=== PROVIDED DATA ===

theorem mainTheorem13:
  fixes le :: "('n::finite \<Rightarrow>\<^sub>0 nat) \<Rightarrow> ('n \<Rightarrow>\<^sub>0 nat) \<Rightarrow> bool"
    and J :: "('n, 'a::field) mpoly set"
    and \<Lambda> :: "'i set"
    and E F :: "'i \<Rightarrow> ('n, 'a) mpoly set"
  assumes "monomial_order le"
    and "binomial_ideal J"
    and "\<And>i. i \<in> \<Lambda> \<Longrightarrow> monomial_ideal (E i)"
    and "\<And>i. i \<in> \<Lambda> \<Longrightarrow> monomial_ideal (F i)"
    and "\<And>i. i \<in> \<Lambda> \<Longrightarrow> E i \<subseteq> F i"
    and "\<And>i. i \<in> \<Lambda> \<Longrightarrow> G_nice le J (F i)"
    and "\<And>i. i \<in> \<Lambda> \<Longrightarrow> ideal_sum J (E i) = ideal_sum J (F i)"
  shows "(\<Inter>i\<in>\<Lambda>. ideal_sum J (E i)) = ideal_sum J (\<Inter>i\<in>\<Lambda>. G_closure le J (E i))
    \<and> ideal_sum J (\<Inter>i\<in>\<Lambda>. G_closure le J (E i)) = ideal_sum J (\<Inter>i\<in>\<Lambda>. F i)"
proof -
  have J: "is_ideal J"
    using assms(2) by (rule binomial_ideal_is_ideal)
  have A: "(\<Inter>i\<in>\<Lambda>. ideal_sum J (E i)) \<subseteq> ideal_sum J (\<Inter>i\<in>\<Lambda>. G_closure le J (E i))"
  proof
    fix x assume x: "x \<in> (\<Inter>i\<in>\<Lambda>. ideal_sum J (E i))"
    obtain r where r: "x - r \<in> J" "standard_poly le J r"
      using ex_standard_representative[OF assms(1) J] by blast
    have "r \<in> G_closure le J (E i)" if i: "i \<in> \<Lambda>" for i
    proof -
      have "x - (x - r) \<in> ideal_sum J (E i)"
        using ideal_sum_diff_left[OF J _ r(1)] x i by blast
      then show ?thesis
        using standard_mem_G_closure[OF assms(1) J _ r(2)] by simp
    qed
    then have "(x - r) + r \<in> ideal_sum J (\<Inter>i\<in>\<Lambda>. G_closure le J (E i))"
      by (intro mem_ideal_sumI[OF r(1)] INT_I)
    then show "x \<in> ideal_sum J (\<Inter>i\<in>\<Lambda>. G_closure le J (E i))"
      by simp
  qed
  have B: "ideal_sum J (\<Inter>i\<in>\<Lambda>. G_closure le J (E i)) \<subseteq> ideal_sum J (\<Inter>i\<in>\<Lambda>. F i)"
    using G_closure_subset[OF assms(4-6)] by (intro ideal_sum_mono INT_anti_mono[OF order_refl])
  have C: "ideal_sum J (\<Inter>i\<in>\<Lambda>. F i) \<subseteq> (\<Inter>i\<in>\<Lambda>. ideal_sum J (E i))"
  proof (rule INT_greatest)
    fix i assume i: "i \<in> \<Lambda>"
    have "ideal_sum J (\<Inter>i\<in>\<Lambda>. F i) \<subseteq> ideal_sum J (F i)"
      using i by (intro ideal_sum_mono INT_lower)
    then show "ideal_sum J (\<Inter>i\<in>\<Lambda>. F i) \<subseteq> ideal_sum J (E i)"
      using assms(7)[OF i] by simp
  qed
  show ?thesis
    using subset_antisym[OF A order_trans[OF B C]] subset_antisym[OF B order_trans[OF C A]]
    by (rule conjI)
qed

end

===

WHAT NEEDS TO BE DONE:
Repeat, character for character, the lines of the material above from the line with "i \<in> \<Lambda> \<Longrightarrow> monomial_ideal (F" through the line with "r \<in> ideal_sum".

TASK RESPONSE:
    and "\<And>i. i \<in> \<Lambda> \<Longrightarrow> monomial_ideal (F i)"
    and "\<And>i. i \<in> \<Lambda> \<Longrightarrow> E i \<subseteq> F i"
    and "\<And>i. i \<in> \<Lambda> \<Longrightarrow> G_nice le J (F i)"
    and "\<And>i. i \<in> \<Lambda> \<Longrightarrow> ideal_sum J (E i) = ideal_sum J (F i)"
  shows "(\<Inter>i\<in>\<Lambda>. ideal_sum J (E i)) = ideal_sum J (\<Inter>i\<in>\<Lambda>. G_closure le J (E i))
    \<and> ideal_sum J (\<Inter>i\<in>\<Lambda>. G_closure le J (E i)) = ideal_sum J (\<Inter>i\<in>\<Lambda>. F i)"
proof -
  have J: "is_ideal J"
    using assms(2) by (rule binomial_ideal_is_ideal)
  have A: "(\<Inter>i\<in>\<Lambda>. ideal_sum J (E i)) \<subseteq> ideal_sum J (\<Inter>i\<in>\<Lambda>. G_closure le J (E i))"
  proof
    fix x assume x: "x \<in> (\<Inter>i\<in>\<Lambda>. ideal_sum J (E i))"
    obtain r where r: "x - r \<in> J" "standard_poly le J r"
      using ex_standard_representative[OF assms(1) J] by blast
    have "r \<in> G_closure le J (E i)" if i: "i \<in> \<Lambda>" for i
    proof -
      have "x - (x - r) \<in> ideal_sum J (E i)"
        using ideal_sum_diff_left[OF J _ r(1)] x i by blast
      then show ?thesis
        using standard_mem_G_closure[OF assms(1) J _ r(2)] by simp
    qed
    then have "(x - r) + r \<in> ideal_sum J (\<Inter>i\<in>\<Lambda>. G_closure le J (E i))"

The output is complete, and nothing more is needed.